TASK TO COMPLETE>
Restate the records underneath, keeping each one exactly the same.

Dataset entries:
::::::
lemma prob_all_pairs_ge:
  fixes M :: "'a pmf"
  assumes "finite V" "V \<noteq> {}" "real beta \<ge> 3 * log 2 (card V)"
    and "\<And>u v. u \<in> V \<Longrightarrow> v \<in> V \<Longrightarrow> R u v \<Longrightarrow> measure_pmf.prob M {\<omega>. \<not> P u v \<omega>} \<le> (1/2) ^ beta"
  shows "measure_pmf.prob M {\<omega>. \<forall>u\<in>V. \<forall>v\<in>V. R u v \<longrightarrow> P u v \<omega>} \<ge> 1 - 1 / card V"
proof -
  define C where "C = {(u, v) \<in> V \<times> V. R u v}"
  have "C \<subseteq> V \<times> V"
    by (auto simp: C_def)
  then have "finite C" "card C \<le> card V ^ 2"
    using assms(1) card_mono[of "V \<times> V" C] by (auto simp: card_cartesian_product power2_eq_square
        intro: finite_subset)
  have "1 - 1 / card V \<le> 1 - real (card V) ^ 2 * (1/2) ^ beta"
    using half_power_le_inverse_cube[of "card V" beta] assms(1-3)
    by (simp add: card_gt_0_iff field_simps power_one_over power2_eq_square power3_eq_cube)
  also have "\<dots> \<le> 1 - card C * (1/2) ^ beta"
    using \<open>card C \<le> card V ^ 2\<close> by (simp add: mult_right_mono flip: of_nat_power)
  also have "\<dots> \<le> measure_pmf.prob M {\<omega>. \<forall>c\<in>C. P (fst c) (snd c) \<omega>}"
    using assms(4) \<open>finite C\<close> by (intro prob_all_ge_union_bound) (auto simp: C_def)
  also have "{\<omega>. \<forall>c\<in>C. P (fst c) (snd c) \<omega>} = {\<omega>. \<forall>u\<in>V. \<forall>v\<in>V. R u v \<longrightarrow> P u v \<omega>}"
    by (auto simp: C_def)
  finally show ?thesis .
qed

theorem mainTheorem5:
  fixes U :: "'u set" and V :: "'v set" and \<Gamma> :: "'v \<Rightarrow> 'u set"
    and d m r beta :: nat and \<tau> :: real
  assumes "finite U" and "finite V"
    and "\<forall>v \<in> V. \<Gamma> v \<subseteq> U"
    and "d \<ge> 1" and "\<forall>v \<in> V. card (\<Gamma> v) = d"
    and "m > 0" and "r > 0"
    and "0 < \<tau>" and "\<tau> \<le> 1"
    and "real (2^m) * ((1/2) ^ r) powr ((2 - \<tau>) * real d) \<ge> 2"
    and "beta \<ge> 1"
  shows "(\<forall>u \<in> V. \<forall>v \<in> V. close_pair \<Gamma> \<tau> d u v \<longrightarrow>
            measure_pmf.prob (ff_pmf beta r m U) {\<omega>. \<not> found V \<Gamma> beta r m \<omega> u v}
              \<le> (1/2) ^ beta)
       \<and> (card V \<ge> 2 \<and> real beta \<ge> 3 * log 2 (real (card V)) \<longrightarrow>
            measure_pmf.prob (ff_pmf beta r m U)
              {\<omega>. \<forall>u \<in> V. \<forall>v \<in> V. close_pair \<Gamma> \<tau> d u v \<longrightarrow> found V \<Gamma> beta r m \<omega> u v}
              \<ge> 1 - 1 / real (card V))"
proof
  show "\<forall>u\<in>V. \<forall>v\<in>V. close_pair \<Gamma> \<tau> d u v \<longrightarrow>
      measure_pmf.prob (ff_pmf beta r m U) {\<omega>. \<not> found V \<Gamma> beta r m \<omega> u v} \<le> (1/2) ^ beta"
    using prob_not_found_le[OF assms(1,3,5,10)] by blast
  show "card V \<ge> 2 \<and> real beta \<ge> 3 * log 2 (real (card V)) \<longrightarrow>
      measure_pmf.prob (ff_pmf beta r m U)
        {\<omega>. \<forall>u\<in>V. \<forall>v\<in>V. close_pair \<Gamma> \<tau> d u v \<longrightarrow> found V \<Gamma> beta r m \<omega> u v} \<ge> 1 - 1 / real (card V)"
  proof
    assume "card V \<ge> 2 \<and> real beta \<ge> 3 * log 2 (real (card V))"
    then show "measure_pmf.prob (ff_pmf beta r m U)
        {\<omega>. \<forall>u\<in>V. \<forall>v\<in>V. close_pair \<Gamma> \<tau> d u v \<longrightarrow> found V \<Gamma> beta r m \<omega> u v} \<ge> 1 - 1 / real (card V)"
      using prob_not_found_le[OF assms(1,3,5,10)] by (intro prob_all_pairs_ge[OF assms(2)]) auto
  qed
qed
::::::
REPLY TO THE EXERCISE>
lemma prob_all_pairs_ge:
  fixes M :: "'a pmf"
  assumes "finite V" "V \<noteq> {}" "real beta \<ge> 3 * log 2 (card V)"
    and "\<And>u v. u \<in> V \<Longrightarrow> v \<in> V \<Longrightarrow> R u v \<Longrightarrow> measure_pmf.prob M {\<omega>. \<not> P u v \<omega>} \<le> (1/2) ^ beta"
  shows "measure_pmf.prob M {\<omega>. \<forall>u\<in>V. \<forall>v\<in>V. R u v \<longrightarrow> P u v \<omega>} \<ge> 1 - 1 / card V"
proof -
  define C where "C = {(u, v) \<in> V \<times> V. R u v}"
  have "C \<subseteq> V \<times> V"
    by (auto simp: C_def)
  then have "finite C" "card C \<le> card V ^ 2"
    using assms(1) card_mono[of "V \<times> V" C] by (auto simp: card_cartesian_product power2_eq_square
        intro: finite_subset)
  have "1 - 1 / card V \<le> 1 - real (card V) ^ 2 * (1/2) ^ beta"
    using half_power_le_inverse_cube[of "card V" beta] assms(1-3)
    by (simp add: card_gt_0_iff field_simps power_one_over power2_eq_square power3_eq_cube)
  also have "\<dots> \<le> 1 - card C * (1/2) ^ beta"
    using \<open>card C \<le> card V ^ 2\<close> by (simp add: mult_right_mono flip: of_nat_power)
  also have "\<dots> \<le> measure_pmf.prob M {\<omega>. \<forall>c\<in>C. P (fst c) (snd c) \<omega>}"
    using assms(4) \<open>finite C\<close> by (intro prob_all_ge_union_bound) (auto simp: C_def)
  also have "{\<omega>. \<forall>c\<in>C. P (fst c) (snd c) \<omega>} = {\<omega>. \<forall>u\<in>V. \<forall>v\<in>V. R u v \<longrightarrow> P u v \<omega>}"
    by (auto simp: C_def)
  finally show ?thesis .
qed

theorem mainTheorem5:
  fixes U :: "'u set" and V :: "'v set" and \<Gamma> :: "'v \<Rightarrow> 'u set"
    and d m r beta :: nat and \<tau> :: real
  assumes "finite U" and "finite V"
    and "\<forall>v \<in> V. \<Gamma> v \<subseteq> U"
    and "d \<ge> 1" and "\<forall>v \<in> V. card (\<Gamma> v) = d"
    and "m > 0" and "r > 0"
    and "0 < \<tau>" and "\<tau> \<le> 1"
    and "real (2^m) * ((1/2) ^ r) powr ((2 - \<tau>) * real d) \<ge> 2"
    and "beta \<ge> 1"
  shows "(\<forall>u \<in> V. \<forall>v \<in> V. close_pair \<Gamma> \<tau> d u v \<longrightarrow>
            measure_pmf.prob (ff_pmf beta r m U) {\<omega>. \<not> found V \<Gamma> beta r m \<omega> u v}
              \<le> (1/2) ^ beta)
       \<and> (card V \<ge> 2 \<and> real beta \<ge> 3 * log 2 (real (card V)) \<longrightarrow>
            measure_pmf.prob (ff_pmf beta r m U)
              {\<omega>. \<forall>u \<in> V. \<forall>v \<in> V. close_pair \<Gamma> \<tau> d u v \<longrightarrow> found V \<Gamma> beta r m \<omega> u v}
              \<ge> 1 - 1 / real (card V))"
proof
  show "\<forall>u\<in>V. \<forall>v\<in>V. close_pair \<Gamma> \<tau> d u v \<longrightarrow>
      measure_pmf.prob (ff_pmf beta r m U) {\<omega>. \<not> found V \<Gamma> beta r m \<omega> u v} \<le> (1/2) ^ beta"
    using prob_not_found_le[OF assms(1,3,5,10)] by blast
  show "card V \<ge> 2 \<and> real beta \<ge> 3 * log 2 (real (card V)) \<longrightarrow>
      measure_pmf.prob (ff_pmf beta r m U)
        {\<omega>. \<forall>u\<in>V. \<forall>v\<in>V. close_pair \<Gamma> \<tau> d u v \<longrightarrow> found V \<Gamma> beta r m \<omega> u v} \<ge> 1 - 1 / real (card V)"
  proof
    assume "card V \<ge> 2 \<and> real beta \<ge> 3 * log 2 (real (card V))"
    then show "measure_pmf.prob (ff_pmf beta r m U)
        {\<omega>. \<forall>u\<in>V. \<forall>v\<in>V. close_pair \<Gamma> \<tau> d u v \<longrightarrow> found V \<Gamma> beta r m \<omega> u v} \<ge> 1 - 1 / real (card V)"
      using prob_not_found_le[OF assms(1,3,5,10)] by (intro prob_all_pairs_ge[OF assms(2)]) auto
  qed
qed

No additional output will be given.